DATASET —
(* The map $W:\mathcal{Q}_+/\mathrm{SL}_2(\mathbb{Z})\to \{L,R\}^*_{\mathrm{prim}}/{\sim}$ given by \[ [Q]\mapsto W(Q)=L^{c_1}R^{c_2}\cdots L^{c_{2\ell-1}}R^{c_{2\ell}}, \] where $(c_1,\dots,c_{2\ell})$ is the periodic part of the continued fraction expansion $w_Q=[a_1,\dots,a_{2k},\overline{c_1,\dots,c_{2\ell}}]$ described below, is well-defined. Moreover, its image consists of all classes in $\{L,R\}^*_{\mathrm{prim}}/{\sim}$ except the classes of the two words $L$ and $R$ of length one.
   Context: $\mathcal{Q}$ is the set of integral binary quadratic forms $Q(x,y)=ax^2+bxy+cy^2$, with right action of $\mathrm{SL}_2(\mathbb{Z})$ given by $(Q\circ\gamma)(x,y)=Q(\alpha x+\beta y,\gamma x+\delta y)$ for $\gamma=\begin{pmatrix}\alpha&\beta\\ \gamma&\delta\end{pmatrix}$; $\mathcal{Q}_+$ is the set of $Q\in\mathcal{Q}$ whose discriminant $D=b^2-4ac$ is positive and not a perfect square (then $a\neq 0$). For $Q\in\mathcal{Q}_+$, $w_Q=\frac{-b+\sqrt{D}}{2a}$. Every real quadratic irrational has an eventually periodic regular continued fraction $[a_1,a_2,\dots]$ ($a_1\in\mathbb{Z}$, $a_j\in\mathbb{Z}_{>0}$ for $j\ge2$); write $w_Q=[a_1,\dots,a_{2k},\overline{c_1,\dots,c_{2\ell}}]$ with a pre-periodic part of even length $2k$ (chosen arbitrarily among valid choices) and "minimal even period" $2\ell$: if the minimal period $(c_1,\dots,c_m)$ has $m$ even, $2\ell=m$; if $m$ is odd, the period is taken to be the doubled block $(c_1,\dots,c_m,c_1,\dots,c_m)$ and $2\ell=2m$. $\{L,R\}^*_{\mathrm{prim}}$ is the set of finite nonempty words over $\{L,R\}$ that are primitive (not a power $U^k$, $k\ge2$, of a shorter word), and $\sim$ is the equivalence relation of cyclic permutation; $L^c$ denotes $c$ consecutive copies of $L$. *)

theory Defs
  imports Complex_Main
begin

text \<open>Integral binary quadratic forms Q(x,y) = a x^2 + b x y + c y^2 as triples (a,b,c).\<close>
type_synonym qform = "int \<times> int \<times> int"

WHAT TO DO — The records above must be output exactly, in full.

SOLVED EXERCISE —
(* The map $W:\mathcal{Q}_+/\mathrm{SL}_2(\mathbb{Z})\to \{L,R\}^*_{\mathrm{prim}}/{\sim}$ given by \[ [Q]\mapsto W(Q)=L^{c_1}R^{c_2}\cdots L^{c_{2\ell-1}}R^{c_{2\ell}}, \] where $(c_1,\dots,c_{2\ell})$ is the periodic part of the continued fraction expansion $w_Q=[a_1,\dots,a_{2k},\overline{c_1,\dots,c_{2\ell}}]$ described below, is well-defined. Moreover, its image consists of all classes in $\{L,R\}^*_{\mathrm{prim}}/{\sim}$ except the classes of the two words $L$ and $R$ of length one.
   Context: $\mathcal{Q}$ is the set of integral binary quadratic forms $Q(x,y)=ax^2+bxy+cy^2$, with right action of $\mathrm{SL}_2(\mathbb{Z})$ given by $(Q\circ\gamma)(x,y)=Q(\alpha x+\beta y,\gamma x+\delta y)$ for $\gamma=\begin{pmatrix}\alpha&\beta\\ \gamma&\delta\end{pmatrix}$; $\mathcal{Q}_+$ is the set of $Q\in\mathcal{Q}$ whose discriminant $D=b^2-4ac$ is positive and not a perfect square (then $a\neq 0$). For $Q\in\mathcal{Q}_+$, $w_Q=\frac{-b+\sqrt{D}}{2a}$. Every real quadratic irrational has an eventually periodic regular continued fraction $[a_1,a_2,\dots]$ ($a_1\in\mathbb{Z}$, $a_j\in\mathbb{Z}_{>0}$ for $j\ge2$); write $w_Q=[a_1,\dots,a_{2k},\overline{c_1,\dots,c_{2\ell}}]$ with a pre-periodic part of even length $2k$ (chosen arbitrarily among valid choices) and "minimal even period" $2\ell$: if the minimal period $(c_1,\dots,c_m)$ has $m$ even, $2\ell=m$; if $m$ is odd, the period is taken to be the doubled block $(c_1,\dots,c_m,c_1,\dots,c_m)$ and $2\ell=2m$. $\{L,R\}^*_{\mathrm{prim}}$ is the set of finite nonempty words over $\{L,R\}$ that are primitive (not a power $U^k$, $k\ge2$, of a shorter word), and $\sim$ is the equivalence relation of cyclic permutation; $L^c$ denotes $c$ consecutive copies of $L$. *)

theory Defs
  imports Complex_Main
begin

text \<open>Integral binary quadratic forms Q(x,y) = a x^2 + b x y + c y^2 as triples (a,b,c).\<close>
type_synonym qform = "int \<times> int \<times> int"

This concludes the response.